A capacidade de produção é fruto da razão humana, e quanto mais desenvolvida a razão, mais capacidade de produção há em termos quantitativos e qualitativos, ou seja, mais desenvolvimento tecnológico. Ao mesmo tempo em que a razão consiste no poder de produzir, essa mesma razão é modificada pelo produto que criou. Assim, a tecnologia não ocupa lugar neutro entre os grupos sociais:

O consumo ou manejo daquilo que produz torna-se fonte de novas percepções empíricas, logo elevadas, por abstração de suas propriedades, à condição de idéias anteriormente não possuídas, indo assim possibilitar a produção de um produto melhor, antes inconcebível, num circuito dialético sem fim (VIEIRA PINTO, 2005a, p. 484).

O fundamento de toda invenção é social, ou seja, o homem isoladamente não é capaz de inventar, produzir. No mínimo, ele se valerá de conhecimentos já adquiridos, e isso também é social, tendo dependido da ação humana anterior a ele.

Sendo assim, o que caracteriza a produção é a sua necessidade social, isso porque, ao “inventar continuamente novas formas de ação” (VIEIRA PINTO, 2005a, p. 485), essas formas retornarão “sob forma de conhecimentos ampliados ao acervo da razão” (p. 485), e assim irão expandir e se desenvolver num circuito infinito.

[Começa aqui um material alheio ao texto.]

(* For each $n\in\mathbb{N}$ let $Y_n\colon\mathbb{I}\to\mathbb{Z}$ be a function such that for every $x\in\mathbb{I}$: (i) $Y_n(x)$ is odd; (ii) if $n=1$, $Y_1(x)\le d_1(x)<Y_1(x)+2$; (iii) if $n\ge2$ and $\epsilon_n(x)=\epsilon_{n-1}(x)$, then $Y_n(x)\le\frac{d_n(x)}{d_{n-1}(x)-1}<Y_n(x)+2$; (iv) if $n\ge2$ and $\epsilon_n(x)=-\epsilon_{n-1}(x)$, then $Y_n(x)\le\frac{d_n(x)}{d_{n-1}(x)+1}<Y_n(x)+2$. Then: (1) $\mathcal{L}(Y_n\ge 2k-1)=\frac{1}{2k-1}$ for all $n,k\in\mathbb{N}$; (2) $\frac{1}{t+2}<\mathcal{L}(Y_n\ge t)\le\frac1t$ for all $n\in\mathbb{N}$ and $t>0$; (3) $\{Y_n\}_{n\ge1}$ is a sequence of independent, identically distributed random variables (with respect to $\mathcal{L}$).
   Context: $\mathcal{L}$ is Lebesgue measure, $\mathbb{I}=(0,1)\setminus\mathbb{Q}$. Define $T\colon[0,1)\to[0,1)$ by: for $k\in\mathbb{N}$, $Tx=\lceil 1/x\rceil x-1$ if $x\in(\frac{1}{2k},\frac{1}{2k-1})$; $Tx=1-\lfloor 1/x\rfloor x$ if $x\in(\frac{1}{2k+1},\frac{1}{2k})$; $Tx=0$ if $x\in\{0\}\cup\{1/n\colon n\ge 2\}$. For $x\in(0,1)$ define $d_1(x)=\lceil 1/x\rceil$, $s_1(x)=1$ if $x\in[\frac{1}{2k},\frac{1}{2k-1})$ for some $k$, and $d_1(x)=\lfloor 1/x\rfloor$, $s_1(x)=-1$ if $x\in[\frac{1}{2k+1},\frac{1}{2k})$ for some $k$; $d_{n+1}(x)=d_1(T^nx)$, $s_{n+1}(x)=s_1(T^nx)$, $\epsilon_1(x)=1$, $\epsilon_{n+1}(x)=\prod_{k=1}^ns_k(x)$. *)

theory Defs
  imports "HOL-Probability.Probability"
begin

definition Irr :: "real set" where
  "Irr = {0<..<1} - \<rat>"

definition Tmap :: "real \<Rightarrow> real" where
  "Tmap x =
    (if x = 0 \<or> (\<exists>n::nat. n \<ge> 2 \<and> x = 1 / real n) then 0
     else if (\<exists>k::nat. k \<ge> 1 \<and> 1 / real (2*k) < x \<and> x < 1 / real (2*k - 1))
       then real_of_int \<lceil>1 / x\<rceil> * x - 1
     else if (\<exists>k::nat. k \<ge> 1 \<and> 1 / real (2*k+1) < x \<and> x < 1 / real (2*k))
       then 1 - real_of_int \<lfloor>1 / x\<rfloor> * x
     else 0)"

definition d1 :: "real \<Rightarrow> int" where
  "d1 x =
    (if (\<exists>k::nat. k \<ge> 1 \<and> 1 / real (2*k) \<le> x \<and> x < 1 / real (2*k - 1)) then \<lceil>1 / x\<rceil>
     else if (\<exists>k::nat. k \<ge> 1 \<and> 1 / real (2*k+1) \<le> x \<and> x < 1 / real (2*k)) then \<lfloor>1 / x\<rfloor>
     else 0)"

definition s1 :: "real \<Rightarrow> int" where
  "s1 x =
    (if (\<exists>k::nat. k \<ge> 1 \<and> 1 / real (2*k) \<le> x \<and> x < 1 / real (2*k - 1)) then 1
     else if (\<exists>k::nat. k \<ge> 1 \<and> 1 / real (2*k+1) \<le> x \<and> x < 1 / real (2*k)) then -1
     else 0)"

definition dig :: "nat \<Rightarrow> real \<Rightarrow> int" where
  "dig n x = d1 ((Tmap ^^ (n - 1)) x)"

definition sgn_s :: "nat \<Rightarrow> real \<Rightarrow> int" where
  "sgn_s n x = s1 ((Tmap ^^ (n - 1)) x)"

definition eps :: "nat \<Rightarrow> real \<Rightarrow> int" where
  "eps n x = (\<Prod>k\<in>{1..<n}. sgn_s k x)"

end

theory Submission
  imports Defs
begin

text \<open>Write \<open>z\<^sub>n = T\<^sup>n x\<close> and \<open>m\<^sub>n = d\<^sub>n - s\<^sub>n\<close> (with \<open>m\<^sub>0 = 1\<close>). The hypotheses force
  \<open>Y\<^sub>n\<^sub>+\<^sub>1\<close> to be the largest odd integer not exceeding \<open>1 / u\<^sub>n\<close>, where
  \<open>u\<^sub>n = m\<^sub>n z\<^sub>n \<in> (0,1)\<close>. With \<open>j = \<lfloor>1 / z\<^sub>n\<rfloor>\<close> one has \<open>m\<^sub>n\<^sub>+\<^sub>1 = 2 \<lfloor>j / 2\<rfloor> + 1\<close> and
  \<open>u\<^sub>n\<^sub>+\<^sub>1 = F z\<^sub>n\<close>, where \<open>F\<close> maps every interval \<open>1/(j+1) < z < 1/j\<close> affinely onto
  \<open>(0,1)\<close>. Hence, by induction on \<open>n\<close>, conditionally on \<open>Y\<^sub>1, \<dots>, Y\<^sub>n\<close> and \<open>m\<^sub>n\<close> the
  point \<open>u\<^sub>n\<close> is uniformly distributed on \<open>(0,1)\<close>. So \<open>Y\<^sub>n\<^sub>+\<^sub>1\<close> is independent of
  the past and distributed as the largest odd integer not exceeding \<open>1 / U\<close>, \<open>U\<close> uniform on
  \<open>(0,1)\<close>; in particular \<open>P(Y\<^sub>n \<ge> 2k - 1) = P(U \<le> 1 / (2k - 1)) = 1 / (2k - 1)\<close>.\<close>

section \<open>The map \<open>T\<close> on irrationals\<close>

lemma Irr_floor_inverse:
  assumes "z \<in> Irr"
  shows "0 < z" "z < 1" "1 \<le> \<lfloor>1 / z\<rfloor>"
    "of_int \<lfloor>1 / z\<rfloor> < 1 / z" "1 / z < of_int \<lfloor>1 / z\<rfloor> + 1"
proof -
  show z: "0 < z" "z < 1"
    using assms by (auto simp: Irr_def)
  then show "1 \<le> \<lfloor>1 / z\<rfloor>"
    by (simp add: one_le_floor)
  have "1 / z \<noteq> of_int \<lfloor>1 / z\<rfloor>"
  proof
    assume "1 / z = of_int \<lfloor>1 / z\<rfloor>"
    then have "z = 1 / of_int \<lfloor>1 / z\<rfloor>"
      by (metis divide_divide_eq_right div_by_1 mult_1)
    then have "z \<in> \<rat>"
      by (metis Rats_divide Rats_of_int Rats_1)
    then show False
      using assms by (simp add: Irr_def)
  qed
  then show "of_int \<lfloor>1 / z\<rfloor> < 1 / z" "1 / z < of_int \<lfloor>1 / z\<rfloor> + 1"
    using of_int_floor_le[of "1 / z"] real_of_int_floor_add_one_gt[of "1 / z"] by linarith+
qed

lemma Irr_in_branch_iff:
  fixes a :: nat
  assumes z: "z \<in> Irr" and a: "1 \<le> a"
  shows "1 / real (a + 1) \<le> z \<and> z < 1 / real a \<longleftrightarrow> \<lfloor>1 / z\<rfloor> = int a"
    and "1 / real (a + 1) < z \<and> z < 1 / real a \<longleftrightarrow> \<lfloor>1 / z\<rfloor> = int a"
proof -
  note F = Irr_floor_inverse[OF z]
  have floor_iff: "\<lfloor>1 / z\<rfloor> = int a \<longleftrightarrow> real a < 1 / z \<and> 1 / z < real a + 1"
  proof
    assume "\<lfloor>1 / z\<rfloor> = int a"
    then show "real a < 1 / z \<and> 1 / z < real a + 1"
      using F(4,5) by simp
  qed (simp add: floor_eq_iff)
  have "1 / z \<noteq> real a + 1"
  proof
    assume "1 / z = real a + 1"
    then have "\<lfloor>1 / z\<rfloor> = int a + 1"
      by simp
    then show False
      using F(4) \<open>1 / z = real a + 1\<close> by simp
  qed
  moreover have "1 / real (a + 1) \<le> z \<longleftrightarrow> 1 / z \<le> real a + 1"
    "1 / real (a + 1) < z \<longleftrightarrow> 1 / z < real a + 1" "z < 1 / real a \<longleftrightarrow> real a < 1 / z"
    using F(1) a by (auto simp: field_simps)
  ultimately show "1 / real (a + 1) \<le> z \<and> z < 1 / real a \<longleftrightarrow> \<lfloor>1 / z\<rfloor> = int a"
    and "1 / real (a + 1) < z \<and> z < 1 / real a \<longleftrightarrow> \<lfloor>1 / z\<rfloor> = int a"
    unfolding floor_iff by linarith+
qed

lemma Irr_odd_branch_iff:
  assumes z: "z \<in> Irr"
  shows "(\<exists>k::nat. k \<ge> 1 \<and> 1 / real (2*k) \<le> z \<and> z < 1 / real (2*k - 1)) \<longleftrightarrow> odd \<lfloor>1 / z\<rfloor>"
    and "(\<exists>k::nat. k \<ge> 1 \<and> 1 / real (2*k) < z \<and> z < 1 / real (2*k - 1)) \<longleftrightarrow> odd \<lfloor>1 / z\<rfloor>"
proof -
  have branch: "(1 / real (2*k) \<le> z \<and> z < 1 / real (2*k - 1) \<longleftrightarrow> \<lfloor>1 / z\<rfloor> = int (2*k - 1))"
    "(1 / real (2*k) < z \<and> z < 1 / real (2*k - 1) \<longleftrightarrow> \<lfloor>1 / z\<rfloor> = int (2*k - 1))"
    if "k \<ge> 1" for k :: nat
    using Irr_in_branch_iff[OF z, of "2*k - 1"] that by simp_all
  have "(\<exists>k::nat. k \<ge> 1 \<and> \<lfloor>1 / z\<rfloor> = int (2*k - 1)) \<longleftrightarrow> odd \<lfloor>1 / z\<rfloor>"
  proof
    assume "odd \<lfloor>1 / z\<rfloor>"
    then obtain b where b: "\<lfloor>1 / z\<rfloor> = 2 * b + 1"
      by (blast elim: oddE)
    then have "b \<ge> 0"
      using Irr_floor_inverse(3)[OF z] by linarith
    with b show "\<exists>k::nat. k \<ge> 1 \<and> \<lfloor>1 / z\<rfloor> = int (2*k - 1)"
      by (intro exI[of _ "nat b + 1"]) auto
  qed auto
  then show "(\<exists>k::nat. k \<ge> 1 \<and> 1 / real (2*k) \<le> z \<and> z < 1 / real (2*k - 1)) \<longleftrightarrow> odd \<lfloor>1 / z\<rfloor>"
    and "(\<exists>k::nat. k \<ge> 1 \<and> 1 / real (2*k) < z \<and> z < 1 / real (2*k - 1)) \<longleftrightarrow> odd \<lfloor>1 / z\<rfloor>"
    using branch by blast+
qed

[...] a cultura serve ao homem de recurso básico com que sustenta a capacidade de produzir os bens de que necessita, assegurando-lhe com isso sua manutenção, ou seja, a produção de si. Só a partir desta perspectiva se pode compreender o processo da razão, que é igualmente o da tecnologia (VIEIRA PINTO, 2005a, p. 487-488).

Para Vieira Pinto (2005a), a tecnologia reflete o modo de viver humano, podendo existir em qualquer parte, pois toda sociedade subsiste com as técnicas que o homem criou para, nessa sociedade, poder agir sobre a natureza e relacionar-se com os demais seres humanos. O desenvolvimento tecnológico não designa nenhuma lei histórica, mas reflete as condições objetivas que os povos têm em dado momento, expressando, assim, um desenvolvimento alcançado pela tecnologia que dominam. Nesse sentido, não há sociedade que se mantenha sem as técnicas que ela mesma criou para que continuasse a existir, suprindo as necessidades humanas.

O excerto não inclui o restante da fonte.